P2: Attribution evaluation via scripted perturbation trials (see Validation Experiment below).

What This Enables

Moral attribution for non-harm consequences. The agent can distinguish world changes it caused from world changes that happened in its vicinity. This is the substrate for ethical attribution of blameworthy actions that do not produce direct harm – property damage, theft, deception, promises broken. In V4’s social extension, it is the substrate for attributing positive agent-caused world changes (building, giving, repairing).

Explicit residue-attribution signal. ResidueField currently integrates everything the agent’s z_world trajectory touches. SD-031 provides the signal to weight residue writes by attribution strength – residues from predicted self-caused transitions contribute fully; residues from externally-caused transitions happening during the agent’s presence are downweighted. This tightens the signal that downstream planning reads.

Causal chain tracking. The residual on z_world at time t conditions on the agent’s action at time t-1. Chaining comparators across time steps allows the agent to attribute distal consequences to its own actions (“I pushed the block at t, the block knocked the vase at t+1, the vase-falling at t+1 belongs to me”). This is the mechanism for moral responsibility extending beyond immediate action consequences.

Decouples world attribution from harm attribution. SD-003’s original design used z_world-to-z_harm projection (HarmBridge) to query counterfactual harm from world counterfactuals. That design was architecturally infeasible (EXQ-093/094, bridge_r2=0, z_world perp z_harm by SD-010). The post-SD-010 topology is that harm attribution (SD-029) and world attribution (SD-031) are independent signals on independent streams. SD-031 makes that independence explicit rather than implicit.

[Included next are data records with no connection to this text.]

(* Let $n$ be a positive integer and let $\xi>2$ be an integer. If $C_{\xi}(n)\neq\emptyset$, then $\xi\le \log_2(n+1)+1$.
   Context: A partition of $n$ is identified with a point $x=(x_1,\dots,x_n)\in\mathbb{Z}_{\ge 0}^n$ satisfying $x_1+2x_2+\dots+nx_n=n$, where $x_i$ is the number of parts equal to $i$. Let $P(n)$ be the set of partitions of $n$ and $P_n=\mathrm{conv}\,P(n)\subset\mathbb{R}^n$, with vertex set $\mathrm{Vert}\,P_n$. For $x\in P(n)\setminus \mathrm{Vert}\,P_n$, let $\xi(x)$ be the minimal number $k$ such that $x=\sum_{j=1}^k\lambda_j y^j$ with $y^1,\dots,y^k\in P(n)$ all different from $x$, $\lambda_j>0$, $\sum_j\lambda_j=1$. For an integer $\xi\ge 2$, $C_\xi(n)$ denotes the set of partitions $x\in P(n)\setminus\mathrm{Vert}\,P_n$ with $\xi(x)=\xi$. *)

theory Defs
  imports "HOL-Analysis.Analysis"
begin

text \<open>We represent points of R^n as functions on nat,
  coordinates i in {1..n}; coordinates outside {1..n} are 0.\<close>

definition partitions :: "nat \<Rightarrow> (nat \<Rightarrow> nat) set" where
  "partitions n = {x. (\<forall>i. x i \<noteq> 0 \<longrightarrow> 1 \<le> i \<and> i \<le> n) \<and> (\<Sum>i=1..n. i * x i) = n}"

definition to_real :: "(nat \<Rightarrow> nat) \<Rightarrow> nat \<Rightarrow> real" where
  "to_real x = (\<lambda>i. real (x i))"

definition conv_comb_of :: "(nat \<Rightarrow> real) \<Rightarrow> (nat \<Rightarrow> nat) set \<Rightarrow> nat \<Rightarrow> bool" where
  "conv_comb_of z Y k \<longleftrightarrow>
     (\<exists>(y :: nat \<Rightarrow> nat \<Rightarrow> nat) (w::nat \<Rightarrow> real).
        (\<forall>j<k. y j \<in> Y) \<and> (\<forall>j<k. w j > 0) \<and> (\<Sum>j<k. w j) = 1 \<and>
        (\<forall>i. z i = (\<Sum>j<k. w j * real (y j i))))"

definition Pn :: "nat \<Rightarrow> (nat \<Rightarrow> real) set" where
  "Pn n = {z. \<exists>k. conv_comb_of z (partitions n) k}"

definition VertPn :: "nat \<Rightarrow> (nat \<Rightarrow> real) set" where
  "VertPn n = {z \<in> Pn n. \<not> (\<exists>a\<in>Pn n. \<exists>b\<in>Pn n. \<exists>t::real. a \<noteq> b \<and> 0 < t \<and> t < 1 \<and>
                 z = (\<lambda>i. t * a i + (1 - t) * b i))}"

definition xi_num :: "nat \<Rightarrow> (nat \<Rightarrow> nat) \<Rightarrow> nat" where
  "xi_num n x = (LEAST k. conv_comb_of (to_real x) (partitions n - {x}) k)"

definition C_xi :: "nat \<Rightarrow> nat \<Rightarrow> (nat \<Rightarrow> nat) set" where
  "C_xi \<xi> n = {x \<in> partitions n. to_real x \<notin> VertPn n \<and> xi_num n x = \<xi>}"

end

theory Submission
  imports Defs
begin

text \<open>Let I be the set of distinct parts of x. If two different sets S, T \<open>\<subseteq>\<close> I have
  the same sum, exchanging them gives the partitions x - S + T and x - T + S, whose midpoint
  is x, so \<open>\<xi>(x) = 2\<close>. Hence for \<open>\<xi>(x) > 2\<close> the \<open>2^|I|\<close> subsets of I have
  distinct sums in {0..n}, and \<open>2^|I| \<le> n + 1\<close>. On the other hand every partition in a
  convex representation of x has its parts in I, so Caratheodory's argument in the
  |I|-dimensional coordinate space of I leaves at most |I| + 1 of them: \<open>\<xi> \<le> |I| + 1\<close>.\<close>

section \<open>Linear dependence of many vectors with few coordinates\<close>

lemma pivot_elimination_sum:
  fixes v :: "'j \<Rightarrow> nat \<Rightarrow> real"
  assumes "finite K" "j0 \<in> K"
  shows "(\<Sum>j\<in>K. (if j = j0 then - (\<Sum>l\<in>K - {j0}. d l * v l a) / v j0 a else d j) * v j i)
       = (\<Sum>j\<in>K - {j0}. d j * (v j i - v j a / v j0 a * v j0 i))"
proof -
  have "(\<Sum>j\<in>K - {j0}. (if j = j0 then - (\<Sum>l\<in>K - {j0}. d l * v l a) / v j0 a else d j) * v j i)
      = (\<Sum>j\<in>K - {j0}. d j * v j i)"
    by (rule sum.cong) auto
  then show ?thesis
    using assms
    by (simp add: sum.remove sum_subtractf right_diff_distrib sum_distrib_left sum_divide_distrib mult_ac)
qed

Module Location (V4 target)

# Planned location (mirrors ARC-033 pattern):
# from ree_core.predictors.e2_world import E2WorldForward, E2WorldConfig
#
# Enabled via LatentStackConfig.use_e2_world_forward (False default).
# Config dataclass E2WorldConfig standalone in e2_world.py.
#
# V3 temporary path: E2FastPredictor.world_forward is the implicit world
# forward model. V4 migration: lift world_forward out of E2FastPredictor
# into a dedicated E2WorldForward module with its own training loss and
# stop-gradient discipline.

V3 has the substrate (E2.world_forward worked in EXQ-030b) but not the module structure. V4 milestone: factor E2.world_forward into a dedicated ree_core/predictors/e2_world.py module and add the stop-gradient training discipline that the SD-003 counterfactual did not require (because it was read as a function, not trained in isolation).

ML Engineering Notes

Inherited from ARC-033 pattern:

Stop-gradient on z_world inputs to forward model during P1 (prevent encoder drift). Less critical for z_world than for z_harm_s because z_world already has strong supervisory signals (event CE, resource proximity) that anchor the encoder; but still good discipline.
Residual-delta architecture. z_world has moderate autocorrelation (world state changes at the cadence of agent action, so less autocorrelated than z_self but more than z_harm_s in high-threat states). Delta prediction is the robust default.
Learning rate. E2.world_forward in V3 uses 3e-4 (E2 LR); the dedicated E2WorldForward in V4 may use the same or slightly smaller. Baseline from EXQ-030b shows 3e-4 saturates world_forward_r2 near 0.95.
Interventional training (SD-013 analogue). Higher priority for z_world than for z_self because world state has strong ambient correlations (landmarks, resources, hazards persist across steps). Margin loss forcing ||E2_world(z_world, a_i) - E2_world(z_world, a_j)|| >= margin for a_i != a_j is the standard extension.
MECH-094: not applicable (waking forward model, not replay content).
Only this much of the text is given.